21 марта, четверг. Ашот мне подбавил волнения, сообщив около полуночи смс-кой, что комиссия, проверявшая Институт, понаписала на нас кучу актов и выписала несколько штрафов. Я думаю, что об этом нам ректор, полагаясь на свой принцип по возможности все хранить в тайне, постарается не сообщить. Спал плохо, просыпаться пришлось рано: договорился, что утром встречусь с Сережей Кондратовым. Издательство далеко, за Дмитровским шоссе, лучше всего туда ехать на электричке с Рижского вокзала, и постараться распределить время, чтобы успеть до часа дня, когда на железной дороге на два часа перерыв. Удалось, приехал в девять и успел вернуться. Сережа все так же молод, энергичен, ему, как многим деловым людям, не надоедает заниматься своим делом. Потом я пришел к Ирине Львовне.

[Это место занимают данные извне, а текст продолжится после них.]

(* Let $K$ be a field of characteristic $0$ such that $K_{\mathrm{ab}}/\mathbb{Q}$ has finite degree, and let $\Lambda$ be its Chevalley–Bass number. (i) $\Lambda$ is the smallest positive integer $L$ such that, for every integer $n>0$, the image of the inflation map $H^1(G_{Ln},\mu_{Ln})\to H^1(K,\mu_{Ln})$ lies in the image of the map $H^1(K,\mu_L)\to H^1(K,\mu_{Ln})$ induced by the inclusion $\mu_L\subseteq\mu_{Ln}$. (ii) $\Lambda$ is the smallest positive integer $L$ such that, for every integer $n>0$, the map $H^1(G_{Ln},\mu_L)\to H^1(G_{Ln},\mu_{Ln})$ induced by the inclusion $\mu_L\subseteq\mu_{Ln}$ is surjective.
   Context: $K_{\mathrm{ab}}$ is the maximal abelian subextension of $K/\mathbb{Q}$. The Chevalley–Bass number of $K$ is the smallest positive integer $\Lambda$ such that for every positive integer $n$, $(K(\zeta_{\Lambda n})^\times)^{\Lambda n}\cap K^\times\subseteq (K^\times)^n$. $\mu_n$ denotes the Galois module of $n$th roots of unity in an algebraic closure of $K$, $\zeta_n$ a primitive $n$th root of unity, $G_n:=\mathrm{Gal}(K(\zeta_n)/K)$; $H^1(K,M)$ denotes Galois cohomology of the absolute Galois group of $K$. *)

theory Defs
  imports "HOL-Computational_Algebra.Polynomial" "HOL-Library.FuncSet"
begin

text \<open>Setting: \<Omega> is an algebraically closed field of characteristic 0 (a type),
  K \<subseteq> \<Omega> is a subfield over which \<Omega> is algebraic, so \<Omega> is an algebraic
  closure of K.\<close>

definition is_subfield :: "'a::field set \<Rightarrow> bool" where
  "is_subfield F \<longleftrightarrow> 0 \<in> F \<and> 1 \<in> F \<and>
     (\<forall>x\<in>F. \<forall>y\<in>F. x + y \<in> F \<and> x - y \<in> F \<and> x * y \<in> F) \<and>
     (\<forall>x\<in>F. inverse x \<in> F)"

definition field_gen :: "'a::field set \<Rightarrow> 'a set" where
  "field_gen S = \<Inter>{F. is_subfield F \<and> S \<subseteq> F}"

definition algebraic_over :: "'a::field set \<Rightarrow> 'a \<Rightarrow> bool" where
  "algebraic_over K x \<longleftrightarrow> (\<exists>p::'a poly. p \<noteq> 0 \<and> (\<forall>i. coeff p i \<in> K) \<and> poly p x = 0)"

definition mu :: "nat \<Rightarrow> 'a::field set" where
  "mu n = {z. z ^ n = 1}"

definition cyc :: "'a::field set \<Rightarrow> nat \<Rightarrow> 'a set" where
  "cyc K n = field_gen (K \<union> mu n)"

definition abs_gal :: "'a::field set \<Rightarrow> ('a \<Rightarrow> 'a) set" where
  "abs_gal K = {\<sigma>. bij \<sigma> \<and> (\<forall>x y. \<sigma> (x + y) = \<sigma> x + \<sigma> y \<and> \<sigma> (x * y) = \<sigma> x * \<sigma> y)
                  \<and> \<sigma> 1 = 1 \<and> (\<forall>x\<in>K. \<sigma> x = x)}"

definition gal_cyc :: "'a::field set \<Rightarrow> nat \<Rightarrow> ('a \<Rightarrow> 'a) set" where
  "gal_cyc K n = {g. g \<in> extensional (cyc K n) \<and> bij_betw g (cyc K n) (cyc K n) \<and>
      (\<forall>x\<in>cyc K n. \<forall>y\<in>cyc K n. g (x + y) = g x + g y \<and> g (x * y) = g x * g y)
      \<and> g 1 = 1 \<and> (\<forall>x\<in>K. g x = x)}"

definition gal_cyc_comp :: "'a::field set \<Rightarrow> nat \<Rightarrow> ('a \<Rightarrow> 'a) \<Rightarrow> ('a \<Rightarrow> 'a) \<Rightarrow> ('a \<Rightarrow> 'a)" where
  "gal_cyc_comp K n g h = restrict (g \<circ> h) (cyc K n)"

definition cocycle :: "('g \<Rightarrow> 'g \<Rightarrow> 'g) \<Rightarrow> 'g set \<Rightarrow> ('g \<Rightarrow> 'a \<Rightarrow> 'a)
     \<Rightarrow> 'a::field set \<Rightarrow> ('g \<Rightarrow> 'a) \<Rightarrow> bool" where
  "cocycle gop G act M a \<longleftrightarrow> (\<forall>\<sigma>\<in>G. a \<sigma> \<in> M) \<and>
     (\<forall>\<sigma>\<in>G. \<forall>\<tau>\<in>G. a (gop \<sigma> \<tau>) = a \<sigma> * act \<sigma> (a \<tau>))"

definition cohomologous :: "'g set \<Rightarrow> ('g \<Rightarrow> 'a \<Rightarrow> 'a) \<Rightarrow> 'a::field set
     \<Rightarrow> ('g \<Rightarrow> 'a) \<Rightarrow> ('g \<Rightarrow> 'a) \<Rightarrow> bool" where
  "cohomologous G act M a c \<longleftrightarrow> (\<exists>b\<in>M. \<forall>\<sigma>\<in>G. a \<sigma> = c \<sigma> * (act \<sigma> b / b))"

text \<open>Continuous cocycles of the absolute Galois group (Krull topology, discrete module):
  locally constant, i.e. depending only on the restriction to some finite set\<close>
definition cont_cocycle :: "'a::field set \<Rightarrow> 'a set \<Rightarrow> (('a \<Rightarrow> 'a) \<Rightarrow> 'a) \<Rightarrow> bool" where
  "cont_cocycle K M a \<longleftrightarrow> cocycle (\<circ>) (abs_gal K) (\<lambda>\<sigma>. \<sigma>) M a \<and>
     (\<exists>S. finite S \<and> (\<forall>\<sigma>\<in>abs_gal K. \<forall>\<tau>\<in>abs_gal K. (\<forall>x\<in>S. \<sigma> x = \<tau> x) \<longrightarrow> a \<sigma> = a \<tau>))"

definition inflate :: "'a::field set \<Rightarrow> nat \<Rightarrow> (('a \<Rightarrow> 'a) \<Rightarrow> 'a) \<Rightarrow> (('a \<Rightarrow> 'a) \<Rightarrow> 'a)" where
  "inflate K n f = (\<lambda>\<sigma>. f (restrict \<sigma> (cyc K n)))"

definition CB_prop :: "'a::field set \<Rightarrow> nat \<Rightarrow> bool" where
  "CB_prop K L \<longleftrightarrow> (\<forall>n>0. \<forall>x\<in>K - {0}.
      (\<exists>y\<in>cyc K (L * n) - {0}. x = y ^ (L * n)) \<longrightarrow> (\<exists>z\<in>K - {0}. x = z ^ n))"

definition prop_i :: "'a::field set \<Rightarrow> nat \<Rightarrow> bool" where
  "prop_i K L \<longleftrightarrow> (\<forall>n>0. \<forall>f. cocycle (gal_cyc_comp K (L * n)) (gal_cyc K (L * n)) (\<lambda>g. g)
         (mu (L * n)) f \<longrightarrow>
       (\<exists>c. cont_cocycle K (mu L) c \<and>
          cohomologous (abs_gal K) (\<lambda>\<sigma>. \<sigma>) (mu (L * n)) (inflate K (L * n) f) c))"

definition prop_ii :: "'a::field set \<Rightarrow> nat \<Rightarrow> bool" where
  "prop_ii K L \<longleftrightarrow> (\<forall>n>0. \<forall>f. cocycle (gal_cyc_comp K (L * n)) (gal_cyc K (L * n)) (\<lambda>g. g)
         (mu (L * n)) f \<longrightarrow>
       (\<exists>c. cocycle (gal_cyc_comp K (L * n)) (gal_cyc K (L * n)) (\<lambda>g. g) (mu L) c \<and>
          cohomologous (gal_cyc K (L * n)) (\<lambda>g. g) (mu (L * n)) f c))"

definition finite_over_Q :: "'a::field_char_0 set \<Rightarrow> bool" where
  "finite_over_Q F \<longleftrightarrow> (\<exists>B. finite B \<and> B \<subseteq> F \<and>
      (\<forall>x\<in>F. \<exists>c. x = (\<Sum>b\<in>B. of_rat (c b) * b)))"

definition embedding_on :: "'a::field set \<Rightarrow> ('a \<Rightarrow> 'a) \<Rightarrow> bool" where
  "embedding_on F \<phi> \<longleftrightarrow> (\<forall>x\<in>F. \<forall>y\<in>F. \<phi> (x + y) = \<phi> x + \<phi> y \<and> \<phi> (x * y) = \<phi> x * \<phi> y)
      \<and> \<phi> 1 = 1"

text \<open>F is a finite abelian (Galois) extension of \<Q> (char 0, so separable):
  normal (every embedding maps F into F) with commutative automorphism group\<close>
definition abelian_over_Q :: "'a::field_char_0 set \<Rightarrow> bool" where
  "abelian_over_Q F \<longleftrightarrow> is_subfield F \<and> finite_over_Q F \<and>
     (\<forall>\<phi>. embedding_on F \<phi> \<longrightarrow> \<phi> ` F \<subseteq> F) \<and>
     (\<forall>\<phi> \<psi>. embedding_on F \<phi> \<and> embedding_on F \<psi> \<longrightarrow> (\<forall>x\<in>F. \<phi> (\<psi> x) = \<psi> (\<phi> x)))"

definition K_ab :: "'a::field_char_0 set \<Rightarrow> 'a set" where
  "K_ab K = field_gen (\<Union>{F. F \<subseteq> K \<and> abelian_over_Q F})"

definition is_least_pos :: "(nat \<Rightarrow> bool) \<Rightarrow> nat \<Rightarrow> bool" where
  "is_least_pos P L \<longleftrightarrow> L > 0 \<and> P L \<and> (\<forall>L'. L' > 0 \<and> P L' \<longrightarrow> L \<le> L')"

end

theory Submission
  imports Defs
begin

text \<open>For each \<open>L > 0\<close>, properties (i) and (ii) are both equivalent to the Chevalley--Bass
  property of \<open>L\<close>, rephrased as: every \<open>y \<in> K(\<zeta>\<^sub>L\<^sub>n)\<^sup>\<times>\<close> with \<open>y\<^sup>L\<^sup>n \<in> K\<close> becomes, after division by
  some \<open>\<eta> \<in> \<mu>\<^sub>L\<^sub>n\<close>, an \<open>L\<close>-th root of an element of \<open>K\<close>.
  By Hilbert 90 a cocycle \<open>f\<close> of \<open>G\<^sub>L\<^sub>n\<close> with values in \<open>\<mu>\<^sub>L\<^sub>n\<close> is \<open>g \<mapsto> g(\<beta>)/\<beta>\<close> with \<open>\<beta>\<^sup>L\<^sup>n \<in> K\<close>;
  then \<open>f\<close> is cohomologous via \<open>\<eta>\<close> to the \<open>\<mu>\<^sub>L\<close>-valued coboundary of \<open>\<beta>/\<eta>\<close>, on \<open>G\<^sub>L\<^sub>n\<close> and,
  after inflation, on the absolute Galois group. Conversely, if the coboundary of \<open>y\<close> is
  cohomologous via \<open>b \<in> \<mu>\<^sub>L\<^sub>n\<close> to a \<open>\<mu>\<^sub>L\<close>-valued cocycle, then \<open>(y/b)\<^sup>L\<close> is Galois invariant, hence
  in \<open>K\<close>. Galois invariance implies membership in \<open>K\<close> because every embedding over \<open>K\<close> extends
  to an automorphism of the algebraic closure (Zorn's lemma), and because in characteristic 0
  minimal polynomials are separable.\<close>

definition is_subring :: "'a::comm_ring_1 set \<Rightarrow> bool" where
  "is_subring R \<longleftrightarrow> 0 \<in> R \<and> 1 \<in> R \<and> (\<forall>x\<in>R. \<forall>y\<in>R. x + y \<in> R \<and> x - y \<in> R \<and> x * y \<in> R)"

lemma subfield_imp_subring: "is_subfield F \<Longrightarrow> is_subring F"
  unfolding is_subfield_def is_subring_def by blast

lemma subring_0: "is_subring R \<Longrightarrow> 0 \<in> R"
  and subring_1: "is_subring R \<Longrightarrow> 1 \<in> R"
  and subring_add: "is_subring R \<Longrightarrow> x \<in> R \<Longrightarrow> y \<in> R \<Longrightarrow> x + y \<in> R"
  and subring_diff: "is_subring R \<Longrightarrow> x \<in> R \<Longrightarrow> y \<in> R \<Longrightarrow> x - y \<in> R"
  and subring_mult: "is_subring R \<Longrightarrow> x \<in> R \<Longrightarrow> y \<in> R \<Longrightarrow> x * y \<in> R"
  by (simp_all add: is_subring_def)

lemma subring_uminus: "is_subring R \<Longrightarrow> x \<in> R \<Longrightarrow> - x \<in> R"
  using subring_diff[of R 0 x] subring_0[of R] by simp

lemma subring_power: "is_subring R \<Longrightarrow> x \<in> R \<Longrightarrow> x ^ n \<in> R"
  by (induction n) (auto intro: subring_mult subring_1)

lemma subring_of_nat: "is_subring R \<Longrightarrow> of_nat n \<in> R"
  by (induction n) (auto intro: subring_add subring_0 subring_1)

lemma subring_sum: "is_subring R \<Longrightarrow> (\<And>i. i \<in> A \<Longrightarrow> f i \<in> R) \<Longrightarrow> sum f A \<in> R"
  by (induction A rule: infinite_finite_induct) (auto intro: subring_add subring_0)

lemma subfield_inverse: "is_subfield F \<Longrightarrow> x \<in> F \<Longrightarrow> inverse x \<in> F"
  unfolding is_subfield_def by auto

lemma subfield_divide: "is_subfield F \<Longrightarrow> x \<in> F \<Longrightarrow> y \<in> F \<Longrightarrow> x / y \<in> F"
  by (simp add: divide_inverse subfield_inverse subring_mult subfield_imp_subring)

lemma subfield_UNIV: "is_subfield UNIV"
  unfolding is_subfield_def by auto

definition poly_over :: "'a::comm_ring_1 set \<Rightarrow> 'a poly \<Rightarrow> bool" where
  "poly_over R p \<longleftrightarrow> (\<forall>i. coeff p i \<in> R)"

lemma algebraic_over_iff_poly_over: "algebraic_over K x \<longleftrightarrow> (\<exists>p. p \<noteq> 0 \<and> poly_over K p \<and> poly p x = 0)"
  unfolding algebraic_over_def poly_over_def ..

context
  fixes R :: "'a::comm_ring_1 set"
  assumes R: "is_subring R"
begin

lemma poly_over_0 [simp]: "poly_over R 0"
  unfolding poly_over_def by (simp add: subring_0 R)

lemma poly_over_pCons: "poly_over R (pCons a p) \<longleftrightarrow> a \<in> R \<and> poly_over R p"
  unfolding poly_over_def by (auto simp: coeff_pCons split: nat.split)

lemma poly_over_const: "a \<in> R \<Longrightarrow> poly_over R [:a:]"
  by (simp add: poly_over_pCons)

lemma poly_over_X: "poly_over R [:0, 1:]"
  by (simp add: poly_over_pCons subring_0 subring_1 R)

lemma poly_over_add: "poly_over R p \<Longrightarrow> poly_over R q \<Longrightarrow> poly_over R (p + q)"
  unfolding poly_over_def by (auto intro: subring_add R)

lemma poly_over_diff: "poly_over R p \<Longrightarrow> poly_over R q \<Longrightarrow> poly_over R (p - q)"
  unfolding poly_over_def by (auto intro: subring_diff R)

lemma poly_over_mult: "poly_over R p \<Longrightarrow> poly_over R q \<Longrightarrow> poly_over R (p * q)"
  unfolding poly_over_def coeff_mult by (auto intro!: subring_sum subring_mult R)

lemma poly_over_smult: "a \<in> R \<Longrightarrow> poly_over R p \<Longrightarrow> poly_over R (smult a p)"
  unfolding poly_over_def by (auto intro: subring_mult R)

lemma poly_over_monom: "a \<in> R \<Longrightarrow> poly_over R (monom a n)"
  unfolding poly_over_def by (auto intro: subring_0 R)

lemma poly_in_subring: "poly_over R p \<Longrightarrow> x \<in> R \<Longrightarrow> poly p x \<in> R"
  by (induction p) (simp_all add: poly_over_pCons subring_add subring_mult subring_0 R)

end

lemma poly_over_pderiv:
  fixes p :: "'a::idom poly"
  shows "is_subring R \<Longrightarrow> poly_over R p \<Longrightarrow> poly_over R (pderiv p)"
  unfolding poly_over_def coeff_pderiv by (metis subring_mult subring_of_nat)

Посетовали на не читающих студентов, Ирина Львовна преподает в Университете печати, рассказал ей свои байки, она мне свои. Выяснилось, не хватает для одного из томов моей старой «Незавершенки». Надо будет ее отыскивать по «Знамени», где повесть публиковалась.
Вечером зазвал Игоря, с которым — я бы сам не смог — сначала отключали и переносили в другую комнату старый телевизор, а потом в кабинете подключали новый огромный и недавно купленный компьютер. Когда подключили, то долго думал, какую картинку поставить на экран. Отчего-то нашел и поставил фото Павла Дмитриченко в роли Ивана Грозного. Буду несколько дней думать о человеке, заключенном в узилище.
Павел Дмитриченко
22 марта, пятница. Вчерашний день ознаменовался обыском в кабинете заместителя министра образования Марата Камволова. На своего коллегу по цеху дал показания арестованный ректор ГУУ. Буду надеяться, что это все-таки оговор. На утреннем заседании Думы на министра образования Дмитрия Ливанова наехал либерал-демократ Владимир Жириновский. Владимир Вольфович талантливо соединил это с собственными проблемами. В прессе появилось сообщение, что хорошо бы проверить докторскую диссертацию Жириновского на самостоятельность и законность процедуры. В ответ, видимо, за информационный повод приняв вчерашний арест в министерстве, Владимир Вольфович сказал: «Это не министр образования, это министр ликвидации образования. Наша с вами задача и Комитета по образованию — добиться скорейшей отставки министра Ливанова как диверсанта, провокатора, человека, который наносит огромный вред всей системе образования и науки в нашей стране».
Видимо, в поводе я не ошибся. В том же сообщении в Интернете написано: «Гнев Жириновского вызвала система «Антиплагиат», с помощью которой проверяется доля заимствований в научных работах. По мнению Жириновского, ее внедряют специально для «подрыва репутации» российских исследователей».
Утром, несмотря на новости с фронтов образования, все же написал еще одну главку в свой роман — о том, как Валя доставала на работе хрустальную люстру. Утром же позвонили из Высшей школы телевидения, а потом возник и сам ее руководитель Виталий Третьяков. Разговор о том предисловии к его книге воспоминаний, о котором мы с ним говорили во время вручения премии «Дельвиг». Чуть позже мне привезли и верстку книги. Сегодня же я начал все это читать. Судя по предисловию, это огромный проект, в чем-то схожий с моими Дневниками — это история родины, отечества и история его собственного рода, родни.